对于某类任务T 和性能度量P ，如果一个计算机程序在T 上以P 衡量的性能随着经验E 而自我完善，那么我们称这个程序在经验E 中学习。

线性回归、梯度下降与正规方程组

模型定义

$ x^{(i)}$ : 输入变量或者输入特征

$ y^{(i)}$ : 输出结果或者预测的目标变量

$ (x^{(i)} , y^{(i)} )$ : 第$ i$ 个训练样本

$ h_ \theta (x)$ : 学习算法解决函数，以$ \theta$ 为参数的假设（hypothesis），表示对于输入的预测值，假设基于参数向量$ \theta$

线性回归

假设有$ n$ 个特征变量，通过这$ n$ 个特征变量预测一个$ y$ 值，假设函数如下：
$$
h_\theta(x)=\displaystyle \sum_{i=0}^n\theta_ix_i = \theta^Tx
$$
其中，$
\theta = \left[
\begin{matrix}
\theta_0 \\
\theta_1 \\
\vdots \\
\theta_n\\
\end{matrix}
\right]
$ ， $
x=\left[\begin{matrix}
x_0\\
x_1\\
\vdots\\
x_n\\
\end{matrix}\right]
$ 。而$ \displaystyle \sum_{i=0}^n\theta_ix$ 的计算在机器学习中更倾向于使用矩阵运算$ \theta^Tx$。一是便于在增加feature的时候不用改变算法；二是矩阵运算速度快，可以优化（并行）。
线性回归就是为了找到最优的一组$ n$ 个系数，实现最优拟合。
从而引出一个如何定义最优的问题，通常采用代价函数来表示：

$$
\begin{align}
J(\theta_0, \theta_1) & = \dfrac {1}{2m} \displaystyle \sum _{i=1}^m \left ( \hat{y}_{i}- y_{i} \right)^2 \nonumber \\
& = \dfrac {1}{2m} \displaystyle \sum _{i=1}^m \left (h_\theta (x_{i}) - y_{i} \right)^2 \nonumber \\
\end{align}
$$

代价函数其实就是$ \frac{1} {2} \bar{x}$ 的形式。其中，$ \bar{x}$ 是$ h_\theta (x_{i}) - y_{i}$ 的平方， $ \frac{1} {2}$ 是为了梯度下降计算方便，平方项求导后可以约去 $ \frac{1}{2}$ 。

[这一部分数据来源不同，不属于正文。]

(* Let $b>0$ and $\beta>0$. Let $\alpha(\theta)=\frac{1-\cos\theta}{\theta-\sin\theta}$ for $\theta\in(0,2\pi)$, let $\tilde\theta\in(0,2\pi)$ be the unique number with $\alpha(\tilde\theta)=\beta/b$, and let $k=\frac{2\beta}{1-\cos\tilde\theta}$. Let $\gamma_0:[0,b]\to\mathbb{R}$ be the function whose graph is the curve $\theta\mapsto\left(\frac{k}{2}(\theta-\sin\theta),\ \frac{k}{2}(1-\cos\theta)\right)$, $\theta\in[0,\tilde\theta]$, and let $\delta_0=(2\gamma_0)^{1/2}$. Let $Y$ be the set of all $\delta\in C([0,b])$ which are continuously differentiable on $(0,b]$, with $\delta(t)>0$ for $t\in(0,b]$, $\delta(0)=0$, $\delta(b)=(2\beta)^{1/2}$, and such that the improper integral $$\mathcal{M}(\delta)=\int_0^b\left(\delta(t)^{-2}+\delta'(t)^2\right)^{1/2}dt$$ is defined (finite). Then $\delta_0$ is the unique minimum of $\mathcal{M}$ on $Y$.
   Context: The function $\alpha$ is a strictly decreasing bijection from $(0,2\pi)$ onto $(0,\infty)$, so $\tilde\theta$ is well defined; with this choice of $k$, the curve starts at $(0,0)$ and ends at $(b,\beta)$, and $\theta\mapsto\frac{k}{2}(\theta-\sin\theta)$ is strictly increasing, so the curve is the graph of a function on $[0,b]$. *)

theory Defs
  imports "HOL-Analysis.Analysis"
begin

definition alpha :: "real \<Rightarrow> real" where
  "alpha \<theta> = (1 - cos \<theta>) / (\<theta> - sin \<theta>)"

definition theta_t :: "real \<Rightarrow> real \<Rightarrow> real" where
  "theta_t b \<beta> = (THE \<theta>. \<theta> \<in> {0<..<2*pi} \<and> alpha \<theta> = \<beta> / b)"

definition kk :: "real \<Rightarrow> real \<Rightarrow> real" where
  "kk b \<beta> = 2 * \<beta> / (1 - cos (theta_t b \<beta>))"

definition gamma0 :: "real \<Rightarrow> real \<Rightarrow> real \<Rightarrow> real" where
  "gamma0 b \<beta> t =
     (let k = kk b \<beta>;
          \<theta> = (THE \<theta>. \<theta> \<in> {0..theta_t b \<beta>} \<and> k / 2 * (\<theta> - sin \<theta>) = t)
      in k / 2 * (1 - cos \<theta>))"

definition delta0 :: "real \<Rightarrow> real \<Rightarrow> real \<Rightarrow> real" where
  "delta0 b \<beta> t = sqrt (2 * gamma0 b \<beta> t)"

definition C1_deriv_on :: "(real \<Rightarrow> real) \<Rightarrow> real \<Rightarrow> (real \<Rightarrow> real) \<Rightarrow> bool" where
  "C1_deriv_on \<delta> b D \<longleftrightarrow>
     (\<forall>t\<in>{0<..b}. (\<delta> has_real_derivative D t) (at t within {0<..b})) \<and>
     continuous_on {0<..b} D"

definition dY :: "(real \<Rightarrow> real) \<Rightarrow> real \<Rightarrow> real \<Rightarrow> real" where
  "dY \<delta> b = (SOME D. C1_deriv_on \<delta> b D)"

definition M_int :: "real \<Rightarrow> (real \<Rightarrow> real) \<Rightarrow> real \<Rightarrow> real" where
  "M_int b \<delta> e = integral {e..b} (\<lambda>t. sqrt (inverse (\<delta> t ^ 2) + (dY \<delta> b t) ^ 2))"

definition M_defined :: "real \<Rightarrow> (real \<Rightarrow> real) \<Rightarrow> bool" where
  "M_defined b \<delta> \<longleftrightarrow> (\<exists>L. (M_int b \<delta> \<longlongrightarrow> L) (at_right 0))"

definition M :: "real \<Rightarrow> (real \<Rightarrow> real) \<Rightarrow> real" where
  "M b \<delta> = Lim (at_right 0) (M_int b \<delta>)"

definition Y :: "real \<Rightarrow> real \<Rightarrow> (real \<Rightarrow> real) set" where
  "Y b \<beta> = {\<delta>. continuous_on {0..b} \<delta> \<and> (\<exists>D. C1_deriv_on \<delta> b D) \<and>
               (\<forall>t\<in>{0<..b}. \<delta> t > 0) \<and> \<delta> 0 = 0 \<and> \<delta> b = sqrt (2 * \<beta>) \<and>
               M_defined b \<delta>}"

end

theory Submission
  imports Defs "HOL-Real_Asymp.Real_Asymp"
begin

text \<open>Writing \<open>y = \<delta>\<^sup>2/2\<close>, the integrand of \<open>M\<close> becomes the brachistochrone integrand
  \<open>\<surd>(dt\<^sup>2 + dy\<^sup>2) / \<surd>(2y)\<close>. Every point \<open>(t, y)\<close> with \<open>t, y > 0\<close> lies on exactly one cycloid
  \<open>c (\<theta> - sin \<theta>, 1 - cos \<theta>)\<close> through the origin with \<open>0 < \<theta> < 2\<pi>\<close>, namely the one with
  \<open>\<alpha>(\<theta>) = y/t\<close>, and the integral of this integrand along that cycloid from the origin to the point is
  \<open>S = \<surd>c \<theta>\<close>.
  The function \<open>S\<close> is a calibration: along any admissible \<open>\<delta>\<close> its derivative is at most the integrand,
  with equality exactly where the scale \<open>c\<close> is stationary. Since \<open>S\<close> tends to \<open>0\<close> at the origin,
  integrating gives \<open>M(\<delta>) \<ge> S(b)\<close>, which depends only on \<open>\<delta>(b)\<close>; equality forces \<open>c\<close> to be constant,
  i.e. \<open>\<delta>\<close> to follow the single cycloid through the endpoint, which is \<open>\<delta>\<^sub>0\<close>.\<close>

section \<open>The function \<open>alpha\<close> and its inverse\<close>

lemma one_minus_cos_pos:
  fixes \<theta> :: real
  assumes "0 < \<theta>" "\<theta> < 2*pi"
  shows "0 < 1 - cos \<theta>"
  using cos_double_sin[of "\<theta>/2"] sin_gt_zero[of "\<theta>/2"] assms by simp
(* Consider a tree power network $(\mathcal{V},\mathcal{E})$, $\mathcal{V}=\{1,\dots,n\}$, with angle limits $\underline{\theta}_{ik}\le\overline{\theta}_{ik}$ satisfying $|\underline{\theta}_{ik}|,|\overline{\theta}_{ik}|<90^\circ$, $\underline{\theta}_{ik}\le 0\le\overline{\theta}_{ik}$, and bus power upper bounds $P_i\le\overline{P}_i$ (no lower bounds). Then for every $\tilde{\mathbf{v}}\in\mathbb{R}^n_{>0}$: (a) $\mathcal{O}(\mathcal{P}_\theta(\tilde{\mathbf{v}}))=\mathcal{O}(\overline{\mathrm{conv}}(\mathcal{P}_\theta(\tilde{\mathbf{v}})))$; (b) $\mathcal{O}(\mathcal{P}(\tilde{\mathbf{v}}))=\mathcal{O}(\overline{\mathrm{conv}}(\mathcal{P}_\theta(\tilde{\mathbf{v}}))\cap\mathcal{P}_P)$; and for any $0<\underline{\mathbf{v}}\le\overline{\mathbf{v}}$ in $\mathbb{R}^n$, (c) $\bigcup_{\underline{\mathbf{v}}\le\tilde{\mathbf{v}}\le\overline{\mathbf{v}}}\overline{\mathrm{conv}}(\mathcal{P}_\theta(\tilde{\mathbf{v}}))$ is a convex set.
   Context: Each line $(i,k)$ has admittance $y_{ik}=g_{ik}-jb_{ik}$, $g_{ik},b_{ik}\ge0$. For fixed voltage magnitudes $|V_i|=\tilde V_i$, the flows on line $(i,k)$ with $\theta_{ik}=\theta_i-\theta_k$ are $P_{ik}=\tilde V_i^2 g_{ik}+\tilde V_i\tilde V_k b_{ik}\sin\theta_{ik}-\tilde V_i\tilde V_k g_{ik}\cos\theta_{ik}$, $P_{ki}=\tilde V_k^2 g_{ik}-\tilde V_i\tilde V_k b_{ik}\sin\theta_{ik}-\tilde V_i\tilde V_k g_{ik}\cos\theta_{ik}$; $\mathcal{F}_{\theta_{ik}}(\tilde{\mathbf{v}})$ is the set of such $(P_{ik},P_{ki})$ for $\theta_{ik}\in[\underline{\theta}_{ik},\overline{\theta}_{ik}]$. $\mathbf{A}$ is the $n\times2|\mathcal{E}|$ matrix with $A(i,(k,l))=1$ if $i=k$ and $0$ otherwise (so $(\mathbf{A}\mathbf{f})_i=\sum_{k\sim i}P_{ik}$). $\mathcal{P}_\theta(\tilde{\mathbf{v}})=\mathbf{A}\prod_{(i,k)\in\mathcal{E}}\mathcal{F}_{\theta_{ik}}(\tilde{\mathbf{v}})$, $\mathcal{P}_P=\{\mathbf{p}:P_i\le\overline{P}_i\ \forall i\}$, $\mathcal{P}(\tilde{\mathbf{v}})=\mathcal{P}_\theta(\tilde{\mathbf{v}})\cap\mathcal{P}_P$. For a Hermitian $n\times n$ matrix $\mathbf{W}$, $W_{ik}$ is its $(i,k)$ entry and $\mathbf{W}_{ik}$ its $2\times2$ submatrix on rows/columns $i,k$. Let $\mathcal{H}_{ik}(\tilde{\mathbf{v}})$ be the set of Hermitian $\mathbf{W}$ with $\mathbf{W}_{ik}$ positive semidefinite, $W_{ii}=\tilde V_i^2$, $W_{kk}=\tilde V_k^2$, and $\tan(\underline{\theta}_{ik})\,\mathrm{Re}(W_{ik})\le\mathrm{Im}(W_{ik})\le\tan(\overline{\theta}_{ik})\,\mathrm{Re}(W_{ik})$. With $\mathbf{Y}_{ik}=\begin{bmatrix}y_{ik}&-y_{ik}\\-y_{ik}&y_{ik}\end{bmatrix}$, define $\overline{\mathrm{conv}}(\mathcal{F}_{\theta_{ik}}(\tilde{\mathbf{v}}))=\{\mathrm{Re}(\mathrm{diag}(\mathbf{W}_{ik}\mathbf{Y}_{ik}^H)):\mathbf{W}\in\mathcal{H}_{ik}(\tilde{\mathbf{v}})\}\subset\mathbb{R}^2$ (interpreted as a pair $(P_{ik},P_{ki})$), $\overline{\mathrm{conv}}(\mathcal{F}_\theta(\tilde{\mathbf{v}}))=\prod_{(i,k)}\overline{\mathrm{conv}}(\mathcal{F}_{\theta_{ik}}(\tilde{\mathbf{v}}))$ and $\overline{\mathrm{conv}}(\mathcal{P}_\theta(\tilde{\mathbf{v}}))=\mathbf{A}\,\overline{\mathrm{conv}}(\mathcal{F}_\theta(\tilde{\mathbf{v}}))$. For $\mathcal{A}\subseteq\mathbb{R}^m$, $\mathcal{O}(\mathcal{A})$ is the set of Pareto-optimal points (no $y\in\mathcal{A}$ with $y\le x$ componentwise, strict in some coordinate). *)

theory Defs
  imports "HOL-Analysis.Analysis"
begin
lemma in_children_parent: "c \<in> verts T \<Longrightarrow> c \<noteq> root T \<Longrightarrow> c \<in> children T (parent T c)"
  by (simp add: children_def)

lemma walk_Cons: "walk T xs y v \<Longrightarrow> adj T x y \<Longrightarrow> walk T (x # xs) x v"
  unfolding walk_def
proof (intro conjI allI impI; (elim conjE)?)
  fix i assume "xs \<noteq> []" "hd xs = y" "adj T x y"
    and adj: "\<forall>i. Suc i < length xs \<longrightarrow> adj T (xs ! i) (xs ! Suc i)"
    and i: "Suc i < length (x # xs)"
  then show "adj T ((x # xs) ! i) ((x # xs) ! Suc i)"
    by (cases i) (auto simp: hd_conv_nth)
qed (auto simp: adj_def)

lemma walk_ConsD: "walk T (x # y # ys) u v \<Longrightarrow> walk T (y # ys) y v \<and> adj T x y \<and> x = u"
  unfolding walk_def
proof (intro conjI allI impI; (elim conjE)?)
  fix i assume adj: "\<forall>i. Suc i < length (x # y # ys) \<longrightarrow> adj T ((x # y # ys) ! i) ((x # y # ys) ! Suc i)"
  show "adj T x y" using adj[rule_format, of 0] by simp
  show "Suc i < length (y # ys) \<Longrightarrow> adj T ((y # ys) ! i) ((y # ys) ! Suc i)"
    using adj[rule_format, of "Suc i"] by simp
qed auto

locale phylo =
  fixes T :: "'a rtree"
  assumes phylo: "phylo_tree T"
begin

lemma finite_verts: "finite (verts T)"
  using phylo by (simp add: phylo_tree_def)

lemma root_in_verts: "root T \<in> verts T"
  using phylo by (simp add: phylo_tree_def)

lemma parent_in_verts: "v \<in> verts T \<Longrightarrow> v \<noteq> root T \<Longrightarrow> parent T v \<in> verts T"
  using phylo by (simp add: phylo_tree_def)

lemma anc_in_verts: "anc T x y \<Longrightarrow> x \<in> verts T \<and> y \<in> verts T"
  by (induction rule: anc.induct) (auto dest: parent_in_verts)

lemma anc_parent: "v \<in> verts T \<Longrightarrow> v \<noteq> root T \<Longrightarrow> anc T (parent T v) v"
  by (rule anc.step) (auto intro: anc.refl parent_in_verts)

lemma anc_of_child: "c \<in> children T v \<Longrightarrow> anc T v c"
  using anc_parent childrenD by fastforce

lemma parent_in_inner: "c \<in> verts T \<Longrightarrow> c \<noteq> root T \<Longrightarrow> parent T c \<in> inner T"
  using in_children_parent[of c T] parent_in_verts[of c] unfolding inner_def leaves_def by auto

lemma funpow_parent_depth: "v \<in> verts T \<Longrightarrow> (parent T ^^ depth T v) v = root T"
  using phylo unfolding depth_def phylo_tree_def by (meson LeastI)

lemma depth_root: "depth T (root T) = 0"
  unfolding depth_def by (rule Least_eq_0) simp

lemma depth_eq_0: "v \<in> verts T \<Longrightarrow> depth T v = 0 \<Longrightarrow> v = root T"
  using funpow_parent_depth by fastforce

当下的目标是找到一些系数$ \theta$ 使代价函数收敛到可以接受的误差范围内，有两种方案：

梯度下降
正规方程

梯度下降

只有两个特征时的更新规则 :
$$
\theta_j := \theta_j - \alpha \frac{\partial}{\partial \theta_j} J(\theta_0, \theta_1)
$$

其中，$ :=$ 代表赋值， $ \alpha$ 为学习速率，
对每一个系数取其偏导数，然后乘以学习速率$ \alpha$ 并递减
$ \alpha$ 需要根据具体应用调整，$ \alpha$ 过小会需要多次迭代才能收敛，$ \alpha$ 过大则会导致震荡。在运算过程中$ \alpha$ 不需要再次调整。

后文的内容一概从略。